Recent progress in research has further expanded the potential applications of MSCs in AHAI prevention and treatment. A 2023 study demonstrated that stem cells derived from human exfoliated deciduous teeth (SHED) could effectively prevent HACE in a rat model by inhibiting the HIF-1α-mediated ERK signaling pathway, thereby regulating microglial polarization (Wang et al., 2023). Additionally, exosomes from miR-486-modified dental pulp stem cells exhibited better inflammatory regulation in high-altitude pulmonary edema animal models (Wang et al., 2025). These findings not only confirm the unique advantages of MSCs and their exosomes in hypoxic environments but also provide essential evidence for the development of novel therapeutic strategies. Compared to traditional drug treatments, MSC-based therapy offers multiple-target effects with fewer side effects, and its adaptive regulatory capacity in high-altitude environments may yield more favorable therapeutic outcomes. With continued research into MSC mechanisms and advancements in exosome technology, MSC-based interventions are poised to become an important therapeutic approach for the prevention and treatment of AHAI.

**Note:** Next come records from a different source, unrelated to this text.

lemma zs_add3:
  "zs a0 a1 a3 (n + 3) =
     (cst a3 * zs a0 a1 a3 n + zs a0 a1 a3 (n + 1) + cst a1 * zs a0 a1 a3 (n + 2) + cst a0)
       / zs a0 a1 a3 n"
  by (simp add: eval_nat_numeral)

lemma periodic_withI:
  assumes "0 < k"
    and nonzero: "\<And>n. n < k \<Longrightarrow> zs a0 a1 a3 n \<noteq> 0"
    and period: "zs a0 a1 a3 k = var1" "zs a0 a1 a3 (k + 1) = var2" "zs a0 a1 a3 (k + 2) = var3"
  shows "periodic_with a0 a1 a3 k"
proof -
  have "zs a0 a1 a3 (n mod k) = zs a0 a1 a3 n" for n
    by (rule recurrence_mod_period[where F = "\<lambda>x y z. (cst a3 * x + y + cst a1 * z + cst a0) / x",
          OF zs_add3]) (use period in simp_all)
  then have "zs a0 a1 a3 n \<noteq> 0" for n
    by (metis nonzero \<open>0 < k\<close> mod_less_divisor)
  then show ?thesis
    unfolding periodic_with_def using period by simp
qed

lemma periodic_with_1_1_0: "periodic_with 1 1 0 8"
proof -
  have rec: "zs 1 1 0 (n + 3) = (zs 1 1 0 (n + 1) + zs 1 1 0 (n + 2) + 1) / zs 1 1 0 n" for n
    by (simp add: zs_add3 add_ac)
  note nonzero_at_111 = to_fract_nonzero_if_poly3[where x = "1::complex" and y = 1 and z = 1]
  have nonzero: "1 + var2 + var3 \<noteq> 0" "1 + var1 + var2 \<noteq> 0"
      "1 + var1 + var2 + var3 + var1 * var3 \<noteq> 0"
    using nonzero_at_111[of "1 + pvar2 + pvar3"] nonzero_at_111[of "1 + pvar1 + pvar2"]
      nonzero_at_111[of "1 + pvar1 + pvar2 + pvar3 + pvar1 * pvar3"]
    by simp_all
  note orbit = orbit_1_1_0[OF rec zs.simps(1) zs_1 zs_2 var_nonzero nonzero]
  show ?thesis
    by (rule periodic_withI) (use orbit in auto)
qed

lemma periodic_with_m1_m1_0: "periodic_with (-1) (-1) 0 8"
proof -
  have rec: "zs (-1) (-1) 0 (n + 3) =
      (zs (-1) (-1) 0 (n + 1) - zs (-1) (-1) 0 (n + 2) - 1) / zs (-1) (-1) 0 n" for n
    by (simp add: zs_add3)
  note nonzero_at_111 = to_fract_nonzero_if_poly3[where x = "1::complex" and y = 1 and z = 1]
  have nonzero: "var2 - var3 - 1 \<noteq> 0" "var1 - var2 - 1 \<noteq> 0"
      "1 - var1 - var2 + var3 + var1 * var3 \<noteq> 0"
      "var2 * var2 - var1 * var2 - var2 * var3 - var1 * var3 + var1 - var3 - 1 \<noteq> 0"
      "var1 - var2 - var3 - var1 * var3 - 1 \<noteq> 0"
    using nonzero_at_111[of "pvar2 - pvar3 - 1"] nonzero_at_111[of "pvar1 - pvar2 - 1"]
      nonzero_at_111[of "1 - pvar1 - pvar2 + pvar3 + pvar1 * pvar3"]
      nonzero_at_111[of "pvar2 * pvar2 - pvar1 * pvar2 - pvar2 * pvar3 - pvar1 * pvar3
        + pvar1 - pvar3 - 1"]
      nonzero_at_111[of "pvar1 - pvar2 - pvar3 - pvar1 * pvar3 - 1"]
    by simp_all
  note orbit = orbit_m1_m1_0[OF rec zs.simps(1) zs_1 zs_2 var_nonzero nonzero]
  show ?thesis
    by (rule periodic_withI) (use orbit in auto)
qed

lemma period8_defect_eq_0_if_periodic:
  assumes "periodic_with a0 a1 a3 8"
  shows "period8_defect a0 a1 a3 x y z = 0"
proof -
  have nonzero: "\<And>n. zs a0 a1 a3 n \<noteq> 0"
    and period: "zs a0 a1 a3 8 = var1" "zs a0 a1 a3 9 = var2" "zs a0 a1 a3 10 = var3"
    using assms by (simp_all add: periodic_with_def)
  have rel: "zs a0 a1 a3 (n + 3) * zs a0 a1 a3 n =
      cst a3 * zs a0 a1 a3 n + zs a0 a1 a3 (n + 1) + cst a1 * zs a0 a1 a3 (n + 2) + cst a0" for n
    using nonzero[of n] by (simp add: zs_add3)
  have "period8_defect (cst a0) (cst a1) (cst a3) (zs a0 a1 a3 0) (zs a0 a1 a3 1) (zs a0 a1 a3 2) = 0"
    by (rule period8_defect_eq_0[OF rel]) (simp_all add: period)
  moreover have "to_fract (period8_defect (pconst a0) (pconst a1) (pconst a3) pvar1 pvar2 pvar3) =
      period8_defect (cst a0) (cst a1) (cst a3) var1 var2 var3"
    by (simp add: period8_defect_def fwd_num5_def bwd_num5_def)
  ultimately have "period8_defect (pconst a0) (pconst a1) (pconst a3) pvar1 pvar2 pvar3 = 0"
    by simp
  then have "poly3 (period8_defect (pconst a0) (pconst a1) (pconst a3) pvar1 pvar2 pvar3) x y z = 0"
    by simp
  then show ?thesis
    by (simp add: period8_defect_def fwd_num5_def bwd_num5_def)
qed

theorem mainTheorem6:
  fixes a0 a1 a3 :: complex
  shows "periodic_with a0 a1 a3 8 \<longleftrightarrow> (a0, a1, a3) = (-1, -1, 0) \<or> (a0, a1, a3) = (1, 1, 0)"
proof
  assume "periodic_with a0 a1 a3 8"
  then show "(a0, a1, a3) = (-1, -1, 0) \<or> (a0, a1, a3) = (1, 1, 0)"
    by (intro params_if_period8_defect_vanishes period8_defect_eq_0_if_periodic)
next
  assume "(a0, a1, a3) = (-1, -1, 0) \<or> (a0, a1, a3) = (1, 1, 0)"
  then show "periodic_with a0 a1 a3 8"
    using periodic_with_m1_m1_0 periodic_with_1_1_0 by auto
qed

end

2.1.1.2 Antioxidative stress mechanisms of MSCs in AHAI

MSCs exhibit significant therapeutic potential in combating oxidative stress, a property of considerable importance in the prevention and treatment of AHAI. Studies have demonstrated that bone marrow-derived MSCs can effectively treat various oxidative stress-related conditions, primarily by modulating multiple antioxidant enzyme systems. These include the expression of key antioxidant enzymes such as superoxide dismutases (SOD1, SOD2), catalase (CAT), and glutathione peroxidase (GPx) (Figure 1) (Valle-Prieto and Conget, 2010). When the human body is abruptly exposed to hypoxic conditions at high altitudes, it produces a large number of free radicals, leading to a sharp increase in oxidative stress. This state results in a cascade of pathological changes, including lipid peroxidation, protein denaturation, and DNA damage (Dosek et al., 2007). Experimental data have shown that within 1.5 h of acute hypoxic exposure, levels of reactive oxygen species (ROS) and the oxidative stress marker malondialdehyde (MDA) significantly increase, underscoring the rapid impact of the high-altitude environment on the body’s redox balance (Sarada et al., 2008).

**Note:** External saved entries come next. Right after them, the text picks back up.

(* Let $k\neq 0$, $a$, $b$ be real numbers and let $\{S^{(a,b)}_{k,n}\}_{n\ge 0}$ be the generalized $k$-FL sequence. (a) For an even integer $n\ge 2$, if $S^{(a,b)}_{k,n+1}-S^{(a,b)}_{k,n}\neq -bk+2b-a$, then the matrix $A^{(k,a,b)}_n$ is invertible. (b) For an odd integer $n\ge 1$, the matrix $B^{(k,a,b)}_n$ is invertible if and only if $S^{(a,b)}_{k,n+1}+S^{(a,b)}_{k,n}\neq bk+2b+a$.
   Context: For real numbers $k,a,b$, the generalized $k$-FL sequence $\{S^{(a,b)}_{k,n}\}_{n\ge0}$ is defined by $S^{(a,b)}_{k,0}=2b$, $S^{(a,b)}_{k,1}=bk+a$, and $S^{(a,b)}_{k,n}=k\,S^{(a,b)}_{k,n-1}+S^{(a,b)}_{k,n-2}$ for $n\ge2$. For $n\ge1$, $A^{(k,a,b)}_n$ is the $n\times n$ real skew circulant matrix whose $(i,j)$ entry is $S^{(a,b)}_{k,j-i+1}$ if $j\ge i$ and $-S^{(a,b)}_{k,n+j-i+1}$ if $j<i$. $B^{(k,a,b)}_n$ is the $n\times n$ circulant matrix whose $(i,j)$ entry is $S^{(a,b)}_{k,j-i+1}$ if $j\ge i$ and $S^{(a,b)}_{k,n+j-i+1}$ if $j<i$. *)

theory Defs
  imports "Jordan_Normal_Form.Matrix" "Jordan_Normal_Form.Determinant"
begin

fun kFL :: "real \<Rightarrow> real \<Rightarrow> real \<Rightarrow> nat \<Rightarrow> real" where
  "kFL k a b 0 = 2 * b"
| "kFL k a b (Suc 0) = b * k + a"
| "kFL k a b (Suc (Suc n)) = k * kFL k a b (Suc n) + kFL k a b n"

text \<open>Skew circulant matrix A_n (0-based indices; the index shift cancels).\<close>
definition skewcircA :: "real \<Rightarrow> real \<Rightarrow> real \<Rightarrow> nat \<Rightarrow> real mat" where
  "skewcircA k a b n = mat n n (\<lambda>(i, j).
     if j \<ge> i then kFL k a b (j - i + 1) else - kFL k a b (n + j - i + 1))"

definition circB :: "real \<Rightarrow> real \<Rightarrow> real \<Rightarrow> nat \<Rightarrow> real mat" where
  "circB k a b n = mat n n (\<lambda>(i, j).
     if j \<ge> i then kFL k a b (j - i + 1) else kFL k a b (n + j - i + 1))"

end

theory Submission imports Defs begin

text \<open>Both matrices are \<sigma>-circulants (\<sigma> = -1 for A, \<sigma> = 1 for B) with first row
  S(1), ..., S(n). Extending a kernel vector \<sigma>-periodically to a sequence x, every window sum
  \<Sum>d<n. S(d+1) x(i+d) vanishes, and the recurrence of S telescopes three consecutive windows
  into the two-term recurrence (S(1) - \<sigma> S(n+1)) x(i) + (S(0) - \<sigma> S(n)) x(i+1) = 0.
  So x is geometric with some ratio r, and periodicity forces r^n = \<sigma>: impossible for
  \<sigma> = -1 and n even, and for \<sigma> = 1 and n odd only r = 1 remains, which is the excluded case.
  Conversely, the all-ones vector lies in the kernel of a circulant exactly when its row sum
  vanishes, and k (\<Sum>d<n. S(d+1)) = S(n+1) + S(n) - S(1) - S(0).\<close>

lemma invertible_mat_iff_det_nonzero:
  fixes A :: "'a::field mat"
  assumes A: "A \<in> carrier_mat n n"
  shows "invertible_mat A \<longleftrightarrow> det A \<noteq> 0"
proof
  assume "invertible_mat A"
  then obtain B where AB: "A * B = 1\<^sub>m n" and BA: "B * A = 1\<^sub>m (dim_row B)"
    using A unfolding invertible_mat_def inverts_mat_def by auto
  have B: "B \<in> carrier_mat n n"
    using arg_cong[OF AB, of dim_col] arg_cong[OF BA, of dim_col] A by auto
  have "det A * det B = 1"
    using AB det_mult[OF A B] by simp
  then show "det A \<noteq> 0" by auto
next
  assume "det A \<noteq> 0"
  from det_non_zero_imp_unit[OF A this, of "()"]
  obtain B where "B \<in> carrier_mat n n" "A * B = 1\<^sub>m n" "B * A = 1\<^sub>m n"
    unfolding Units_def ring_mat_def by auto
  then show "invertible_mat A"
    using A unfolding invertible_mat_def inverts_mat_def by auto
qed

lemma invertible_mat_iff_trivial_kernel:
  fixes A :: "'a::field mat"
  assumes "A \<in> carrier_mat n n"
  shows "invertible_mat A \<longleftrightarrow> (\<forall>v\<in>carrier_vec n. A *\<^sub>v v = 0\<^sub>v n \<longrightarrow> v = 0\<^sub>v n)"
  using invertible_mat_iff_det_nonzero[OF assms] det_0_iff_vec_prod_zero_field[OF assms]
  by blast

definition sigma_circulant :: "'a::comm_ring_1 \<Rightarrow> (nat \<Rightarrow> 'a) \<Rightarrow> nat \<Rightarrow> 'a mat" where
  "sigma_circulant \<sigma> c n = mat n n (\<lambda>(i, j). if i \<le> j then c (j - i) else \<sigma> * c (n + j - i))"

lemma sigma_circulant_carrier: "sigma_circulant \<sigma> c n \<in> carrier_mat n n"
  unfolding sigma_circulant_def by simp

lemma skewcircA_eq_sigma_circulant:
  "skewcircA k a b n = sigma_circulant (-1) (\<lambda>d. kFL k a b (d + 1)) n"
  unfolding skewcircA_def sigma_circulant_def by (rule cong_mat) auto

lemma circB_eq_sigma_circulant:
  "circB k a b n = sigma_circulant 1 (\<lambda>d. kFL k a b (d + 1)) n"
  unfolding circB_def sigma_circulant_def by (rule cong_mat) auto

definition periodic_ext :: "'a::comm_ring_1 \<Rightarrow> nat \<Rightarrow> 'a vec \<Rightarrow> nat \<Rightarrow> 'a" where
  "periodic_ext \<sigma> n v j = \<sigma> ^ (j div n) * v $ (j mod n)"

lemma periodic_ext_less: "j < n \<Longrightarrow> periodic_ext \<sigma> n v j = v $ j"
  unfolding periodic_ext_def by simp

lemma periodic_ext_add_period:
  "0 < n \<Longrightarrow> periodic_ext \<sigma> n v (j + n) = \<sigma> * periodic_ext \<sigma> n v j"
  unfolding periodic_ext_def by simp

lemma sigma_circulant_mult_vec_nth:
  assumes i: "i < n" and v: "v \<in> carrier_vec n"
  shows "(sigma_circulant \<sigma> c n *\<^sub>v v) $ i = (\<Sum>d<n. c d * periodic_ext \<sigma> n v (i + d))"
proof -
  let ?e = "\<lambda>j. if i \<le> j then c (j - i) else \<sigma> * c (n + j - i)"
  have "(sigma_circulant \<sigma> c n *\<^sub>v v) $ i = (\<Sum>j<n. ?e j * v $ j)"
    using i v unfolding sigma_circulant_def
    by (auto simp: scalar_prod_def atLeast0LessThan intro!: sum.cong)
  also have "\<dots> = (\<Sum>d<n. c d * periodic_ext \<sigma> n v (i + d))"
  proof (rule sym, rule sum.reindex_bij_witness[where j = "\<lambda>d. (i + d) mod n"
        and i = "\<lambda>j. (j + n - i) mod n"])
    fix d assume d: "d \<in> {..<n}"
    show "?e ((i + d) mod n) * v $ ((i + d) mod n) = c d * periodic_ext \<sigma> n v (i + d)"
    proof (cases "i + d < n")
      case True
      then show ?thesis by (simp add: periodic_ext_less)
    next
      case False
      then have "i + d - n < n" "i + d - n < i"
        using i d by auto
      then have "(i + d) mod n = i + d - n" "\<not> i \<le> i + d - n" "n + (i + d - n) - i = d"
        using i d False by (auto simp: mod_if)
      moreover have "periodic_ext \<sigma> n v (i + d) = \<sigma> * v $ (i + d - n)"
        using periodic_ext_add_period[of n \<sigma> v "i + d - n"] periodic_ext_less[of "i + d - n" n \<sigma> v]
          \<open>i + d - n < n\<close> False by simp
      ultimately show ?thesis by simp
    qed
  qed (use i in \<open>auto simp: mod_add_left_eq mod_if\<close>)
  finally show ?thesis .
qed

lemma sigma_circulant_kernel_window_sum:
  assumes n: "0 < n" and v: "v \<in> carrier_vec n" and ker: "sigma_circulant \<sigma> c n *\<^sub>v v = 0\<^sub>v n"
  shows "(\<Sum>d<n. c d * periodic_ext \<sigma> n v (i + d)) = 0"
proof (induction i rule: less_induct)
  case (less i)
  show ?case
  proof (cases "i < n")
    case True
    then show ?thesis
      using ker sigma_circulant_mult_vec_nth[OF True v, of \<sigma> c] by simp
  next
    case False
    have shift: "periodic_ext \<sigma> n v (i + d) = \<sigma> * periodic_ext \<sigma> n v (i - n + d)" for d
      using periodic_ext_add_period[OF n, of \<sigma> v "i - n + d"] False by simp
    have "(\<Sum>d<n. c d * periodic_ext \<sigma> n v (i + d))
        = \<sigma> * (\<Sum>d<n. c d * periodic_ext \<sigma> n v (i - n + d))"
      unfolding shift sum_distrib_left by (simp add: algebra_simps)
    also have "\<dots> = 0"
    proof -
      have "i - n < i"
        using n False by simp
      then show ?thesis
        using less.IH by simp
    qed
    finally show ?thesis .
  qed
qed

lemma kFL_window_sum_telescope:
  fixes x :: "nat \<Rightarrow> real"
  shows "(\<Sum>d<n. kFL k a b (d + 1) * x (i + d))
       - k * (\<Sum>d<n. kFL k a b (d + 1) * x (i + 1 + d))
       - (\<Sum>d<n. kFL k a b (d + 1) * x (i + 2 + d))
       = kFL k a b 1 * x i + kFL k a b 0 * x (i + 1)
       - kFL k a b (n + 1) * x (i + n) - kFL k a b n * x (i + n + 1)"
proof (induction n)
  case 0
  then show ?case by simp
next
  case (Suc n)
  have "kFL k a b (n + 2) = k * kFL k a b (n + 1) + kFL k a b n"
    by (simp add: numeral_2_eq_2)
  moreover have "i + 1 + n = i + n + 1" "i + 2 + n = i + (n + 2)" "i + Suc n = i + n + 1"
      "Suc n + 1 = n + 2"
    by auto
  ultimately show ?case
    using Suc unfolding sum.lessThan_Suc by (simp add: algebra_simps)
qed

lemma kFL_partial_sum:
  "k * (\<Sum>d<n. kFL k a b (d + 1)) = kFL k a b (n + 1) + kFL k a b n - kFL k a b 1 - kFL k a b 0"
proof (induction n)
  case 0
  then show ?case by simp
next
  case (Suc n)
  have "kFL k a b (Suc n + 1) = k * kFL k a b (n + 1) + kFL k a b n"
    by simp
  then show ?case
    using Suc by (simp add: algebra_simps)
qed

lemma first_order_recurrence_periodic:
  fixes x :: "nat \<Rightarrow> 'a::field"
  assumes rec: "\<And>i. u * x i + w * x (i + 1) = 0" and nondeg: "u \<noteq> 0 \<or> w \<noteq> 0"
    and period: "x n = \<sigma> * x 0" and nonzero: "x j \<noteq> 0"
  shows "w \<noteq> 0 \<and> (- u / w) ^ n = \<sigma>"
proof
  show w: "w \<noteq> 0"
    using rec[of j] nondeg nonzero by auto
  have geom: "x i = (- u / w) ^ i * x 0" for i
  proof (induction i)
    case (Suc i)
    have "x (Suc i) = - u / w * x i"
      using rec[of i] w by (simp add: field_simps add_eq_0_iff2)
    then show ?case
      using Suc by simp
  qed simp
  have "x 0 \<noteq> 0"
    using geom[of j] nonzero by auto
  then show "(- u / w) ^ n = \<sigma>"
    using geom[of n] period by simp
qed

lemma kFL_sigma_circulant_singular:
  fixes \<sigma> :: real
  assumes n: "0 < n"
    and singular: "\<not> invertible_mat (sigma_circulant \<sigma> (\<lambda>d. kFL k a b (d + 1)) n)"
    and nondeg: "kFL k a b 1 - \<sigma> * kFL k a b (n + 1) \<noteq> 0 \<or> kFL k a b 0 - \<sigma> * kFL k a b n \<noteq> 0"
  shows "kFL k a b 0 - \<sigma> * kFL k a b n \<noteq> 0
    \<and> (- (kFL k a b 1 - \<sigma> * kFL k a b (n + 1)) / (kFL k a b 0 - \<sigma> * kFL k a b n)) ^ n = \<sigma>"
proof -
  obtain v where v: "v \<in> carrier_vec n" "v \<noteq> 0\<^sub>v n"
    and ker: "sigma_circulant \<sigma> (\<lambda>d. kFL k a b (d + 1)) n *\<^sub>v v = 0\<^sub>v n"
    using singular invertible_mat_iff_trivial_kernel[OF sigma_circulant_carrier] by blast
  define x where "x = periodic_ext \<sigma> n v"
  have window: "(\<Sum>d<n. kFL k a b (d + 1) * x (i + d)) = 0" for i
    unfolding x_def by (rule sigma_circulant_kernel_window_sum[OF n v(1) ker])
  have period: "x (i + n) = \<sigma> * x i" for i
    unfolding x_def by (rule periodic_ext_add_period[OF n])
  define u where "u = kFL k a b 1 - \<sigma> * kFL k a b (n + 1)"
  define w where "w = kFL k a b 0 - \<sigma> * kFL k a b n"
  have rec: "u * x i + w * x (i + 1) = 0" for i
    using kFL_window_sum_telescope[where x = x and n = n and k = k and a = a and b = b and i = i]
      window[of i] window[of "i + 1"] window[of "i + 2"] period[of i] period[of "i + 1"]
    unfolding u_def w_def by (simp add: algebra_simps)
  obtain j where "j < n" "v $ j \<noteq> 0"
    using v by (metis eq_vecI carrier_vecD index_zero_vec)
  then have "x j \<noteq> 0"
    unfolding x_def by (simp add: periodic_ext_less)
  then have "w \<noteq> 0 \<and> (- u / w) ^ n = \<sigma>"
    using first_order_recurrence_periodic[where x = x and u = u and w = w, OF rec] nondeg period[of 0]
    unfolding u_def w_def by simp
  then show ?thesis
    unfolding u_def w_def .
qed

lemma circulant_singular_if_row_sum_zero:
  fixes c :: "nat \<Rightarrow> 'a::field"
  assumes n: "0 < n" and "(\<Sum>d<n. c d) = 0"
  shows "\<not> invertible_mat (sigma_circulant 1 c n)"
proof -
  define ones :: "'a vec" where "ones = vec n (\<lambda>_. 1)"
  have ones: "ones \<in> carrier_vec n" "ones \<noteq> 0\<^sub>v n"
    using n unfolding ones_def by (auto dest!: arg_cong[where f = "\<lambda>v. v $ 0"])
  have "periodic_ext 1 n ones j = 1" for j
    using n unfolding periodic_ext_def ones_def by simp
  then have "sigma_circulant 1 c n *\<^sub>v ones = 0\<^sub>v n"
    using sigma_circulant_mult_vec_nth[OF _ ones(1)] assms(2)
    by (intro eq_vecI) (auto simp: sigma_circulant_def)
  then show ?thesis
    using ones invertible_mat_iff_trivial_kernel[OF sigma_circulant_carrier] by blast
qed

lemma real_odd_power_eq_1_iff:
  fixes r :: real
  assumes "odd n"
  shows "r ^ n = 1 \<longleftrightarrow> r = 1"
proof
  assume r: "r ^ n = 1"
  then have "\<bar>r\<bar> = 1"
    using power_eq_1_iff[of r n] assms by auto
  then show "r = 1"
    using r assms by (auto simp: abs_if split: if_splits)
qed simp

theorem theorem2p7:
  fixes k a b :: real
  assumes "k \<noteq> 0"
  shows "(\<forall>n::nat. even n \<and> n \<ge> 2 \<and>
            kFL k a b (n + 1) - kFL k a b n \<noteq> - b * k + 2 * b - a
            \<longrightarrow> invertible_mat (skewcircA k a b n))
       \<and> (\<forall>n::nat. odd n \<longrightarrow>
            (invertible_mat (circB k a b n) \<longleftrightarrow>
             kFL k a b (n + 1) + kFL k a b n \<noteq> b * k + 2 * b + a))"
proof (intro conjI allI impI)
  fix n :: nat
  assume hyp: "even n \<and> n \<ge> 2 \<and> kFL k a b (n + 1) - kFL k a b n \<noteq> - b * k + 2 * b - a"
  show "invertible_mat (skewcircA k a b n)"
  proof (rule ccontr)
    assume "\<not> invertible_mat (skewcircA k a b n)"
    from kFL_sigma_circulant_singular[OF _ this[unfolded skewcircA_eq_sigma_circulant]]
    obtain r :: real where "r ^ n = -1"
      using hyp by (auto simp: One_nat_def)
    moreover have "0 \<le> r ^ n"
      using hyp by (simp add: zero_le_even_power)
    ultimately show False by simp
  qed
next
  fix n :: nat
  assume odd: "odd n"
  then have n: "0 < n" by (rule odd_pos)
  show "invertible_mat (circB k a b n) \<longleftrightarrow> kFL k a b (n + 1) + kFL k a b n \<noteq> b * k + 2 * b + a"
    unfolding circB_eq_sigma_circulant
  proof
    assume inv: "invertible_mat (sigma_circulant 1 (\<lambda>d. kFL k a b (d + 1)) n)"
    show "kFL k a b (n + 1) + kFL k a b n \<noteq> b * k + 2 * b + a"
    proof
      assume "kFL k a b (n + 1) + kFL k a b n = b * k + 2 * b + a"
      then have "(\<Sum>d<n. kFL k a b (d + 1)) = 0"
        using kFL_partial_sum[of k a b n] assms by (simp add: One_nat_def)
      then show False
        using circulant_singular_if_row_sum_zero[OF n] inv by blast
    qed
  next
    assume hyp: "kFL k a b (n + 1) + kFL k a b n \<noteq> b * k + 2 * b + a"
    show "invertible_mat (sigma_circulant 1 (\<lambda>d. kFL k a b (d + 1)) n)"
    proof (rule ccontr)
      assume "\<not> invertible_mat (sigma_circulant 1 (\<lambda>d. kFL k a b (d + 1)) n)"
      from kFL_sigma_circulant_singular[OF n this]
      have "kFL k a b 0 - kFL k a b n \<noteq> 0"
        and "- (kFL k a b 1 - kFL k a b (n + 1)) / (kFL k a b 0 - kFL k a b n) = 1"
        using hyp real_odd_power_eq_1_iff[OF odd] by (auto simp: One_nat_def)
      then show False
        using hyp by (simp add: field_simps One_nat_def)
    qed
  qed
qed

end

In animal models of high-altitude pulmonary edema (HAPE), dental pulp-derived MSCs (DPSCs) have demonstrated notable antioxidative effects. Experimental results confirm that DPSCs can significantly enhance SOD activity and reduce MDA levels in lung tissue homogenates. This protective effect is likely mediated through activation of the nuclear factor erythroid 2–related factor 2/heme oxygenase-1 (Nrf2/HO-1) signaling pathway (Mao et al., 2024). As a key transcription factor in the oxidative stress response, Nrf2 plays a central role in regulating the expression of various antioxidant enzymes. Additionally, recent studies have found that extracellular vesicles derived from miRNA-486-modified DPSCs (DPSC-EVs) exert antioxidative effects via the PI3K-Akt signaling pathway, offering new perspectives on the antioxidative mechanisms of MSCs (Wang et al., 2025). These findings not only confirm the antioxidative protective effects of MSCs under hypoxic high-altitude conditions but also suggest that they may counteract oxidative damage through multiple signaling pathways.

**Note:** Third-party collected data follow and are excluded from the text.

lemma Psi_pairs_cost_le:
  fixes a2 a3 :: real
  assumes "a3 \<le> a2" "(int a, int b) \<in> Psi_pairs N k2 k3"
  shows "real (N + 1 - b) * a2 + real (N - a) * a3 \<le> real k2 * a2 + real k3 * a3"
proof -
  have "a < b" "b \<le> N + 1" "a + b = 2 * N + 1 - k2 - k3" "N + 1 - min k2 k3 \<le> b"
    using assms(2) unfolding Psi_pairs_def by auto
  then have k: "real (N - a) = real k2 + real k3 - real (N + 1 - b)" and "real (N + 1 - b) \<le> real k2"
    by auto
  then have "0 \<le> (real k2 - real (N + 1 - b)) * (a2 - a3)"
    using assms(1) by simp
  then show ?thesis
    unfolding k by (simp add: algebra_simps)
qed

section \<open>Psi and its recurrences\<close>

context
  fixes N :: nat and a1 a2 a3 :: real and p c c' :: "nat \<Rightarrow> real" and l m n s :: int
begin

lemma tau_c_commute: "tau_c N a1 a2 a3 p c c' l m n s \<alpha> \<beta> = tau_c N a1 a2 a3 p c c' l m n s \<beta> \<alpha>"
  unfolding tau_c_def by (simp add: conj_commute)

lemma Psi_eq_Max_Psi_pairs:
  assumes "k2 \<le> N" "k3 \<le> N"
  shows "Psi N a1 a2 a3 p c c' l m n s k2 k3
    = Max ((\<lambda>(\<alpha>, \<beta>). tau_c N a1 a2 a3 p c c' l m n s \<alpha> \<beta>) ` Psi_pairs N k2 k3)"
proof -
  consider "k2 \<le> k3" "N \<le> k2 + k3" | "k2 \<le> k3" "k2 + k3 < N" | "k3 < k2" "N \<le> k2 + k3"
    | "k3 < k2" "k2 + k3 < N"
    by linarith
  then show ?thesis
  proof cases
    case 1
    then show ?thesis
      using assms by (simp add: Psi_def Let_def Psi_pairs_wide image_image)
  next
    case 2
    then show ?thesis
      using assms by (simp add: Psi_def Let_def Psi_pairs_narrow image_image)
  next
    case 3
    then show ?thesis
      using assms by (simp add: Psi_def Let_def Psi_pairs_commute[of N k2] Psi_pairs_wide image_image)
  next
    case 4
    then show ?thesis
      using assms by (simp add: Psi_def Let_def Psi_pairs_commute[of N k2] Psi_pairs_narrow image_image algebra_simps)
  qed
qed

Although research on the antioxidative stress effects of MSCs has made significant progress, the underlying mechanisms remain to be fully elucidated. The oxidative stress process involves complex enzyme systems and signaling networks, and MSCs may act through multiple coordinated pathways. Future studies should further investigate the antioxidative mechanisms of MSCs in different high-altitude illness models, including their effects on mitochondrial function, redox homeostasis, and apoptosis. Moreover, optimizing administration routes, dosage, and exploring combination therapies with MSCs could provide a solid foundation for developing more effective treatment strategies for high-altitude diseases. As our understanding of MSC-mediated antioxidative mechanisms deepens, their application prospects in high-altitude medicine will continue to expand.

2.1.1.3 Key mechanisms of MSC paracrine function and homing in the prevention and treatment of AHAI

The therapeutic effects of MSCs in AHAI largely rely on their distinctive paracrine function and homing capability. MSC homing can be categorized into non-systemic and systemic modes. Non-systemic homing refers to the direct delivery of MSCs to the injury site through local transplantation, whereas systemic homing is more complex. It involves the directed migration of MSCs across the vascular endothelial barrier to target tissues under the guidance of chemokines released from injured areas (Nitzsche et al., 2017). Studies have shown that once MSCs enter the circulatory system, they preferentially accumulate in sites of inflammation and tissue damage, a property that provides a unique advantage in repairing injuries induced by high-altitude exposure (Sullivan et al., 2013).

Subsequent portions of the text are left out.